§ Work request
Transcribe the whole listing exactly.

§ Available records
lemma mean_decoding_error_term:
  assumes m: "m < Mn n" and k: "k < Kn n"
  shows "codebook_mean n (\<lambda>cb. WVYn n (cb ! (k * Mn n + m)) y *
           ((if typical n (cb ! (k * Mn n + m)) y then 0 else 1) +
            (\<Sum>m'\<in>{..<Mn n} - {m}. if typical n (cb ! (k * Mn n + m')) y then 1 else 0)))
    = iid_expectation V PV n (\<lambda>v. WVYn n v y * (if typical n v y then 0 else 1))
      + real (Mn n - 1) * (prodn n PY y * iid_expectation V PV n (\<lambda>v. if typical n v y then 1 else 0))"
proof -
  let ?j = "\<lambda>m. k * Mn n + m"
  have other: "codebook_mean n (\<lambda>cb. WVYn n (cb ! ?j m) y * (if typical n (cb ! ?j m') y then 1 else 0))
      = prodn n PY y * iid_expectation V PV n (\<lambda>v. if typical n v y then 1 else 0)"
    if "m' \<in> {..<Mn n} - {m}" for m'
    using that m k codebook_mean_two_codewords[of "?j m" n "?j m'" "\<lambda>v. WVYn n v y"]
    by (simp add: codeword_index_less mean_WVYn)
  have "codebook_mean n (\<lambda>cb. WVYn n (cb ! ?j m) y *
           ((if typical n (cb ! ?j m) y then 0 else 1) +
            (\<Sum>m'\<in>{..<Mn n} - {m}. if typical n (cb ! ?j m') y then 1 else 0)))
    = codebook_mean n (\<lambda>cb. WVYn n (cb ! ?j m) y * (if typical n (cb ! ?j m) y then 0 else 1))
      + (\<Sum>m'\<in>{..<Mn n} - {m}.
           codebook_mean n (\<lambda>cb. WVYn n (cb ! ?j m) y * (if typical n (cb ! ?j m') y then 1 else 0)))"
    by (simp add: distrib_left sum_distrib_left iid_expectation_add iid_expectation_sum)
  also have "\<dots> = iid_expectation V PV n (\<lambda>v. WVYn n v y * (if typical n v y then 0 else 1))
      + real (Mn n - 1) * (prodn n PY y * iid_expectation V PV n (\<lambda>v. if typical n v y then 1 else 0))"
    using codebook_mean_codeword[OF codeword_index_less[OF m k],
        of "\<lambda>v. WVYn n v y * (if typical n v y then 0 else 1)"] m
    by (simp add: other)
  finally show ?thesis .
qed

lemma mean_err_prob_le:
  "codebook_mean n (\<lambda>cb. err_prob PS W n R RK (code n cb))
     \<le> atypicality n + real (Mn n - 1) * 2 powr (-(real n * \<gamma>))"
proof (cases "Mn n = 1")
  case True
  then have "err_prob PS W n R RK (code n cb) = 0" for cb
    by (simp add: err_prob_code threshold_decoder_def)
  then show ?thesis using True atypicality_nonneg by (simp add: codebook_mean_const)
next
  case M: False
  let ?C = "atypicality n + real (Mn n - 1) * 2 powr (-(real n * \<gamma>))"
  define H where "H m k y cb = WVYn n (cb ! (k * Mn n + m)) y *
           ((if typical n (cb ! (k * Mn n + m)) y then 0 else 1) +
            (\<Sum>m'\<in>{..<Mn n} - {m}. if typical n (cb ! (k * Mn n + m')) y then 1 else 0))" for m k y cb
  have "err_prob PS W n R RK (code n cb) \<le> (\<Sum>m<Mn n. \<Sum>k<Kn n. \<Sum>y\<in>seqs n. H m k y cb) / real (Nn n)" for cb
    unfolding err_prob_code H_def
    by (intro divide_right_mono sum_mono mult_left_mono threshold_decoder_error_le M WVYn_nonneg) auto
  then have "codebook_mean n (\<lambda>cb. err_prob PS W n R RK (code n cb))
      \<le> codebook_mean n (\<lambda>cb. (\<Sum>m<Mn n. \<Sum>k<Kn n. \<Sum>y\<in>seqs n. H m k y cb) / real (Nn n))"
    by (intro codebook_mean_mono)
  also have "\<dots> = (\<Sum>m<Mn n. \<Sum>k<Kn n. \<Sum>y\<in>seqs n. codebook_mean n (H m k y)) / real (Nn n)"
    by (simp add: iid_expectation_divide iid_expectation_sum finite_seqs)
  also have "\<dots> \<le> (\<Sum>m<Mn n. \<Sum>k<Kn n. ?C) / real (Nn n)"
  proof (intro divide_right_mono sum_mono)
    fix m k assume "m \<in> {..<Mn n}" "k \<in> {..<Kn n}"
    then have "(\<Sum>y\<in>seqs n. codebook_mean n (H m k y)) = atypicality n
        + real (Mn n - 1) * (\<Sum>y\<in>seqs n. prodn n PY y * iid_expectation V PV n (\<lambda>v. if typical n v y then 1 else 0))"
      unfolding H_def atypicality_def
      by (simp add: mean_decoding_error_term sum.distrib sum_distrib_left iid_expectation_sum finite_seqs)
    also have "\<dots> \<le> ?C"
      using false_typicality_le by (intro add_left_mono mult_left_mono) auto
    finally show "(\<Sum>y\<in>seqs n. codebook_mean n (H m k y)) \<le> ?C" .
  qed auto
  also have "\<dots> = ?C"
    using Nn_pos[of n] by (simp add: Nn_def)
  finally show ?thesis .
qed

lemma info_density_le_if_not_typical:
  assumes not_typical: "\<not> typical n v y"
    and W_pos: "\<And>i. i < n \<Longrightarrow> WVY (v ! i) (y ! i) > 0" and PY_pos: "\<And>i. i < n \<Longrightarrow> PY (y ! i) > 0"
  shows "(\<Sum>i<n. ln (WVY (v ! i) (y ! i)) - ln (PY (y ! i))) \<le> real n * \<gamma> * ln 2"
proof -
  have PYn_pos: "prodn n PY y > 0" unfolding prodn_def using PY_pos by (intro prod_pos) auto
  have "ln (WVYn n v y) \<le> ln (2 powr (real n * \<gamma>) * prodn n PY y)"
    using not_typical W_pos PYn_pos
    by (subst ln_le_cancel_iff) (auto simp: typical_def WVYn_def intro!: prod_pos)
  also have "\<dots> = real n * \<gamma> * ln 2 + ln (prodn n PY y)"
    using PYn_pos by (simp add: ln_mult_pos ln_powr)
  moreover have "ln (WVYn n v y) = (\<Sum>i<n. ln (WVY (v ! i) (y ! i)))"
    unfolding WVYn_def using W_pos by (intro ln_prod) (auto simp: less_imp_neq[symmetric])
  moreover have "ln (prodn n PY y) = (\<Sum>i<n. ln (PY (y ! i)))"
    unfolding prodn_def using PY_pos by (intro ln_prod) (auto simp: less_imp_neq[symmetric])
  ultimately show ?thesis by (simp add: sum_subtractf)
qed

§ Exercise response
lemma mean_decoding_error_term:
  assumes m: "m < Mn n" and k: "k < Kn n"
  shows "codebook_mean n (\<lambda>cb. WVYn n (cb ! (k * Mn n + m)) y *
           ((if typical n (cb ! (k * Mn n + m)) y then 0 else 1) +
            (\<Sum>m'\<in>{..<Mn n} - {m}. if typical n (cb ! (k * Mn n + m')) y then 1 else 0)))
    = iid_expectation V PV n (\<lambda>v. WVYn n v y * (if typical n v y then 0 else 1))
      + real (Mn n - 1) * (prodn n PY y * iid_expectation V PV n (\<lambda>v. if typical n v y then 1 else 0))"
proof -
  let ?j = "\<lambda>m. k * Mn n + m"
  have other: "codebook_mean n (\<lambda>cb. WVYn n (cb ! ?j m) y * (if typical n (cb ! ?j m') y then 1 else 0))
      = prodn n PY y * iid_expectation V PV n (\<lambda>v. if typical n v y then 1 else 0)"
    if "m' \<in> {..<Mn n} - {m}" for m'
    using that m k codebook_mean_two_codewords[of "?j m" n "?j m'" "\<lambda>v. WVYn n v y"]
    by (simp add: codeword_index_less mean_WVYn)
  have "codebook_mean n (\<lambda>cb. WVYn n (cb ! ?j m) y *
           ((if typical n (cb ! ?j m) y then 0 else 1) +
            (\<Sum>m'\<in>{..<Mn n} - {m}. if typical n (cb ! ?j m') y then 1 else 0)))
    = codebook_mean n (\<lambda>cb. WVYn n (cb ! ?j m) y * (if typical n (cb ! ?j m) y then 0 else 1))
      + (\<Sum>m'\<in>{..<Mn n} - {m}.
           codebook_mean n (\<lambda>cb. WVYn n (cb ! ?j m) y * (if typical n (cb ! ?j m') y then 1 else 0)))"
    by (simp add: distrib_left sum_distrib_left iid_expectation_add iid_expectation_sum)
  also have "\<dots> = iid_expectation V PV n (\<lambda>v. WVYn n v y * (if typical n v y then 0 else 1))
      + real (Mn n - 1) * (prodn n PY y * iid_expectation V PV n (\<lambda>v. if typical n v y then 1 else 0))"
    using codebook_mean_codeword[OF codeword_index_less[OF m k],
        of "\<lambda>v. WVYn n v y * (if typical n v y then 0 else 1)"] m
    by (simp add: other)
  finally show ?thesis .
qed

lemma mean_err_prob_le:
  "codebook_mean n (\<lambda>cb. err_prob PS W n R RK (code n cb))
     \<le> atypicality n + real (Mn n - 1) * 2 powr (-(real n * \<gamma>))"
proof (cases "Mn n = 1")
  case True
  then have "err_prob PS W n R RK (code n cb) = 0" for cb
    by (simp add: err_prob_code threshold_decoder_def)
  then show ?thesis using True atypicality_nonneg by (simp add: codebook_mean_const)
next
  case M: False
  let ?C = "atypicality n + real (Mn n - 1) * 2 powr (-(real n * \<gamma>))"
  define H where "H m k y cb = WVYn n (cb ! (k * Mn n + m)) y *
           ((if typical n (cb ! (k * Mn n + m)) y then 0 else 1) +
            (\<Sum>m'\<in>{..<Mn n} - {m}. if typical n (cb ! (k * Mn n + m')) y then 1 else 0))" for m k y cb
  have "err_prob PS W n R RK (code n cb) \<le> (\<Sum>m<Mn n. \<Sum>k<Kn n. \<Sum>y\<in>seqs n. H m k y cb) / real (Nn n)" for cb
    unfolding err_prob_code H_def
    by (intro divide_right_mono sum_mono mult_left_mono threshold_decoder_error_le M WVYn_nonneg) auto
  then have "codebook_mean n (\<lambda>cb. err_prob PS W n R RK (code n cb))
      \<le> codebook_mean n (\<lambda>cb. (\<Sum>m<Mn n. \<Sum>k<Kn n. \<Sum>y\<in>seqs n. H m k y cb) / real (Nn n))"
    by (intro codebook_mean_mono)
  also have "\<dots> = (\<Sum>m<Mn n. \<Sum>k<Kn n. \<Sum>y\<in>seqs n. codebook_mean n (H m k y)) / real (Nn n)"
    by (simp add: iid_expectation_divide iid_expectation_sum finite_seqs)
  also have "\<dots> \<le> (\<Sum>m<Mn n. \<Sum>k<Kn n. ?C) / real (Nn n)"
  proof (intro divide_right_mono sum_mono)
    fix m k assume "m \<in> {..<Mn n}" "k \<in> {..<Kn n}"
    then have "(\<Sum>y\<in>seqs n. codebook_mean n (H m k y)) = atypicality n
        + real (Mn n - 1) * (\<Sum>y\<in>seqs n. prodn n PY y * iid_expectation V PV n (\<lambda>v. if typical n v y then 1 else 0))"
      unfolding H_def atypicality_def
      by (simp add: mean_decoding_error_term sum.distrib sum_distrib_left iid_expectation_sum finite_seqs)
    also have "\<dots> \<le> ?C"
      using false_typicality_le by (intro add_left_mono mult_left_mono) auto
    finally show "(\<Sum>y\<in>seqs n. codebook_mean n (H m k y)) \<le> ?C" .
  qed auto
  also have "\<dots> = ?C"
    using Nn_pos[of n] by (simp add: Nn_def)
  finally show ?thesis .
qed

lemma info_density_le_if_not_typical:
  assumes not_typical: "\<not> typical n v y"
    and W_pos: "\<And>i. i < n \<Longrightarrow> WVY (v ! i) (y ! i) > 0" and PY_pos: "\<And>i. i < n \<Longrightarrow> PY (y ! i) > 0"
  shows "(\<Sum>i<n. ln (WVY (v ! i) (y ! i)) - ln (PY (y ! i))) \<le> real n * \<gamma> * ln 2"
proof -
  have PYn_pos: "prodn n PY y > 0" unfolding prodn_def using PY_pos by (intro prod_pos) auto
  have "ln (WVYn n v y) \<le> ln (2 powr (real n * \<gamma>) * prodn n PY y)"
    using not_typical W_pos PYn_pos
    by (subst ln_le_cancel_iff) (auto simp: typical_def WVYn_def intro!: prod_pos)
  also have "\<dots> = real n * \<gamma> * ln 2 + ln (prodn n PY y)"
    using PYn_pos by (simp add: ln_mult_pos ln_powr)
  moreover have "ln (WVYn n v y) = (\<Sum>i<n. ln (WVY (v ! i) (y ! i)))"
    unfolding WVYn_def using W_pos by (intro ln_prod) (auto simp: less_imp_neq[symmetric])
  moreover have "ln (prodn n PY y) = (\<Sum>i<n. ln (PY (y ! i)))"
    unfolding prodn_def using PY_pos by (intro ln_prod) (auto simp: less_imp_neq[symmetric])
  ultimately show ?thesis by (simp add: sum_subtractf)
qed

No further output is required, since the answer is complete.